* [Problem details] How many lines in the data below contain the string "fields"? Answer with the number only.
:: Data records
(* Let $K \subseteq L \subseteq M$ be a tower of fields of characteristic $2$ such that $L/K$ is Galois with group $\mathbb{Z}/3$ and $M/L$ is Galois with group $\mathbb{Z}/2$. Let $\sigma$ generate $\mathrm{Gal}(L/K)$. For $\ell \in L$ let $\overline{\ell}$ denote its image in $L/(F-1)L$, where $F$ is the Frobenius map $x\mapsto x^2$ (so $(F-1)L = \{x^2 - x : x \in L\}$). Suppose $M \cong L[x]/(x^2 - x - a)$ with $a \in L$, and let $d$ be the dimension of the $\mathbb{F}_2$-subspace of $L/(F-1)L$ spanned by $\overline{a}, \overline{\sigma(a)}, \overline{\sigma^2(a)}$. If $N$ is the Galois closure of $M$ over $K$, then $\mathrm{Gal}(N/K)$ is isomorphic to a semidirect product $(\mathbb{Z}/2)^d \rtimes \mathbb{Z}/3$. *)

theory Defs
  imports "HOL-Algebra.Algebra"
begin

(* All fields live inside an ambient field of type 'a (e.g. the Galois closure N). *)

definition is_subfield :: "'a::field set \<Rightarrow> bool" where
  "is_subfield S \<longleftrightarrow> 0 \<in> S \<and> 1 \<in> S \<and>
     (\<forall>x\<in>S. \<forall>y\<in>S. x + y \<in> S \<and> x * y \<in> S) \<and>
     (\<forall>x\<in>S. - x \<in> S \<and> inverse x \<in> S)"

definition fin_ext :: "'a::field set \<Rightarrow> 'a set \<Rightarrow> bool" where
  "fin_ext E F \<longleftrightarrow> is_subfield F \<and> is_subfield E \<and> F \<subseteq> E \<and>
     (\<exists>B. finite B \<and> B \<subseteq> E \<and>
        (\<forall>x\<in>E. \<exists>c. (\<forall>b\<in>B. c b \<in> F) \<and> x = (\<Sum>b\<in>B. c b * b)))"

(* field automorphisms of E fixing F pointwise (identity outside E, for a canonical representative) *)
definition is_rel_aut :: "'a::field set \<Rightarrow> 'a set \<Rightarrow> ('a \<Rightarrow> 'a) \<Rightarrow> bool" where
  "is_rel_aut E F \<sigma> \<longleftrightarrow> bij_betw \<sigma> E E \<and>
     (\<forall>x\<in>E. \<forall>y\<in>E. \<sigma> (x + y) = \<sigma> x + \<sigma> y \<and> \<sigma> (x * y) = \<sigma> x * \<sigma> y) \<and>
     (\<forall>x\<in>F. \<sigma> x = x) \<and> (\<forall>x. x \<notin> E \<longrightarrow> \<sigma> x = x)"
::::
:: Data records
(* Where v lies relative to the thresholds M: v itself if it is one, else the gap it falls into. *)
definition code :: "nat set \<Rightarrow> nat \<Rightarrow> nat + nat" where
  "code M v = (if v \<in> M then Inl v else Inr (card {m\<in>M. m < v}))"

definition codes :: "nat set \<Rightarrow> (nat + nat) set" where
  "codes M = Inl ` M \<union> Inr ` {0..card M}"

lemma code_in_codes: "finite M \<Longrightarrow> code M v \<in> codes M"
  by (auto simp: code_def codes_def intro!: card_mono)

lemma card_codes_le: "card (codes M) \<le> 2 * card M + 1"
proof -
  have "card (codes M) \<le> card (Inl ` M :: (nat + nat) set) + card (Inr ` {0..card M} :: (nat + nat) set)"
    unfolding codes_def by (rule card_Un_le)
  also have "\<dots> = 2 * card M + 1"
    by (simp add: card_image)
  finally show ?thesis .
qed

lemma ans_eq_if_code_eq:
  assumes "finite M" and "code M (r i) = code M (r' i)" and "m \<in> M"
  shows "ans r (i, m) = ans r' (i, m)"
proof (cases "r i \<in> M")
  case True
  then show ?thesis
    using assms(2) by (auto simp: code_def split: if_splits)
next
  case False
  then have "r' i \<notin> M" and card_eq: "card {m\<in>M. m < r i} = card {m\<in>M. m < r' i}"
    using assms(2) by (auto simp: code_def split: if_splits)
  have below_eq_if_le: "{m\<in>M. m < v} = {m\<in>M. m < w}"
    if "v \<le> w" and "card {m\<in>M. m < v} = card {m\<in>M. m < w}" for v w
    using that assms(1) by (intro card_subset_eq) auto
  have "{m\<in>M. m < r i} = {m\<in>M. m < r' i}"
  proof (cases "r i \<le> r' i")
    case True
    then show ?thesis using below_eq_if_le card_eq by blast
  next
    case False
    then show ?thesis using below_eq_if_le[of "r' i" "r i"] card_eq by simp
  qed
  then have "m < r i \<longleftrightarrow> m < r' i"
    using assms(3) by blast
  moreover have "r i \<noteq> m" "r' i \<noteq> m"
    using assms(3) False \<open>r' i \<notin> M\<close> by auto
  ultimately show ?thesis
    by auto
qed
::::
:: Data records
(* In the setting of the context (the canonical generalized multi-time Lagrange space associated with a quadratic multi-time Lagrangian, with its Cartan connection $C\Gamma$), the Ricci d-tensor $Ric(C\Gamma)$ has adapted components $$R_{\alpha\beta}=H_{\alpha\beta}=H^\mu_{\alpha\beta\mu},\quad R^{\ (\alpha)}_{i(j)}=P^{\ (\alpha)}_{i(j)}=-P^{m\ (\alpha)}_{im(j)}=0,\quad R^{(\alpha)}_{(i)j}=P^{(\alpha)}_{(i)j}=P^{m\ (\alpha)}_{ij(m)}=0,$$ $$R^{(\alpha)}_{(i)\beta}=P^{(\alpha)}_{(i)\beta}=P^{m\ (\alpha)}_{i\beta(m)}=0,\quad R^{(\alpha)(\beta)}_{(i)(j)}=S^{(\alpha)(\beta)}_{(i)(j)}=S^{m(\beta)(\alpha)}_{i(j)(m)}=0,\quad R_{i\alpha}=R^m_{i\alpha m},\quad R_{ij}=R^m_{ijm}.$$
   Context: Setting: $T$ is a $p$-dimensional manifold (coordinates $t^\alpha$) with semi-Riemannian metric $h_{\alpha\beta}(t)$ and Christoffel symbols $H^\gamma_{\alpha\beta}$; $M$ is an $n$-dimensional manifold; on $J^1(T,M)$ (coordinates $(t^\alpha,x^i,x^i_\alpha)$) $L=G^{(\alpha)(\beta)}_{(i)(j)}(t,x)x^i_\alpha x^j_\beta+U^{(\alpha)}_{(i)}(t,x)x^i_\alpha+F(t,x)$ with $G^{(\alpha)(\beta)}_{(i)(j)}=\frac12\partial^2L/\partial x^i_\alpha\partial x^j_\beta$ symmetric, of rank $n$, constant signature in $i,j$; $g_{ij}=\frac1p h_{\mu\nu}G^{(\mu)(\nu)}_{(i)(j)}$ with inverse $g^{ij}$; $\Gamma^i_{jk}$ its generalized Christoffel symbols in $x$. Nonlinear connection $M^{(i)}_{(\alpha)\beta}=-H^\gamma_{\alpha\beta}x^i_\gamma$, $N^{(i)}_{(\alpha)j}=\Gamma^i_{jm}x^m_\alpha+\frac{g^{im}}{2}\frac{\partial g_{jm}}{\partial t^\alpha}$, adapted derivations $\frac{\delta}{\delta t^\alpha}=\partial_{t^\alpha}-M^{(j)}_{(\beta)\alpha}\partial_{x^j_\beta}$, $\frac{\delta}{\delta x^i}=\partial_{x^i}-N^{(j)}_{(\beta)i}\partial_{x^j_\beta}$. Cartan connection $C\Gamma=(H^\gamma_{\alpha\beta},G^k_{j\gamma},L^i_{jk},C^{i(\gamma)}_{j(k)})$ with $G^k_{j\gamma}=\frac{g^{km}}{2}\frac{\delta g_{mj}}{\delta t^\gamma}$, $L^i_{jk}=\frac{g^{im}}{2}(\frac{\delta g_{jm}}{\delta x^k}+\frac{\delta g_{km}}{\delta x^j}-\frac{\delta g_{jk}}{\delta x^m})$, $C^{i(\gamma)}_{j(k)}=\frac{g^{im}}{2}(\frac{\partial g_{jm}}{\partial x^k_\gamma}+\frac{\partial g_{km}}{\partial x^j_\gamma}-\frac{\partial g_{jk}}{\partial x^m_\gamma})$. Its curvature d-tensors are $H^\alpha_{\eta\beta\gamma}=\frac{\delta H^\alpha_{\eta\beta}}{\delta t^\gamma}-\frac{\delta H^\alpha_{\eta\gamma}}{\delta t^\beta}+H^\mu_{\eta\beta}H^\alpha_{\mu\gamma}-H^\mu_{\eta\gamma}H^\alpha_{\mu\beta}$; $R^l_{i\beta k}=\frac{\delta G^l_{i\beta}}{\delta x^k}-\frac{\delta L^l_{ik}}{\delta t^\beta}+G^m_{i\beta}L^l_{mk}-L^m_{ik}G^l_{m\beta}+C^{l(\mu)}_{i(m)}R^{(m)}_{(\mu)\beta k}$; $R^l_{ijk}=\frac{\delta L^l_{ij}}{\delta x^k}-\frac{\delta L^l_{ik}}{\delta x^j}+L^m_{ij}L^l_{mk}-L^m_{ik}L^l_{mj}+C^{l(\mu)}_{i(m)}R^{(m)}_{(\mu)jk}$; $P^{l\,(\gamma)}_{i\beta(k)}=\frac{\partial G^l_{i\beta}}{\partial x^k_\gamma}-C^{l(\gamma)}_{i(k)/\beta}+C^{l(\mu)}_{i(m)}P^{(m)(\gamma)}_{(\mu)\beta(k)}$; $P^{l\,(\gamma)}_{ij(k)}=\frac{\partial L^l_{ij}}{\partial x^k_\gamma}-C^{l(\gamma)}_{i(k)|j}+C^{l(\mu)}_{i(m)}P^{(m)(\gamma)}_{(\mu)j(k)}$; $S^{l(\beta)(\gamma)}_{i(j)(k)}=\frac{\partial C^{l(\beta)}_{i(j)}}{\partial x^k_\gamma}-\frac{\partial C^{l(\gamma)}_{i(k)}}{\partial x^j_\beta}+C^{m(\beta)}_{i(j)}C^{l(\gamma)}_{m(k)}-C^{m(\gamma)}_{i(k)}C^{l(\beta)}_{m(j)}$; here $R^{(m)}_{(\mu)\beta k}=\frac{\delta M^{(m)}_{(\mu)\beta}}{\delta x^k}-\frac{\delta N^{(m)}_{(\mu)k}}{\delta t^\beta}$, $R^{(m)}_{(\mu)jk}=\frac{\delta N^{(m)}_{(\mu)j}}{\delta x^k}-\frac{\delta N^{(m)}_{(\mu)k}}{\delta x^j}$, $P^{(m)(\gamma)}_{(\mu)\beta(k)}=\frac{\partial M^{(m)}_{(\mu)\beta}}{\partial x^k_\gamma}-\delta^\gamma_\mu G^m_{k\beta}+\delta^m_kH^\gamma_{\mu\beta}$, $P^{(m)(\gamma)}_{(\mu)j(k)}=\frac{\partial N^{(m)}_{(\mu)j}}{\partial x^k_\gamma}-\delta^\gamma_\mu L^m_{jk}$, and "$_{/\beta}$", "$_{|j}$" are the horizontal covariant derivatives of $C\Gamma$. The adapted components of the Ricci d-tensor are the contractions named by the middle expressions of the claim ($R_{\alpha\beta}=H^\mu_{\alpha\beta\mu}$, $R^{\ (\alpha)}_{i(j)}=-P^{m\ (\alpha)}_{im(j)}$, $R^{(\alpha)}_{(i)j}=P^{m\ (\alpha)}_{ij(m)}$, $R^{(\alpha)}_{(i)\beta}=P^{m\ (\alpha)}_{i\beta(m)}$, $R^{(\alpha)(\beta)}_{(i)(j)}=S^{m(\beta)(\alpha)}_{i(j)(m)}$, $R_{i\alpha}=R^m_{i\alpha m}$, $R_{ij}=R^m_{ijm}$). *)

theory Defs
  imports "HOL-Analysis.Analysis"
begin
::::
* [Result for this exercise] 2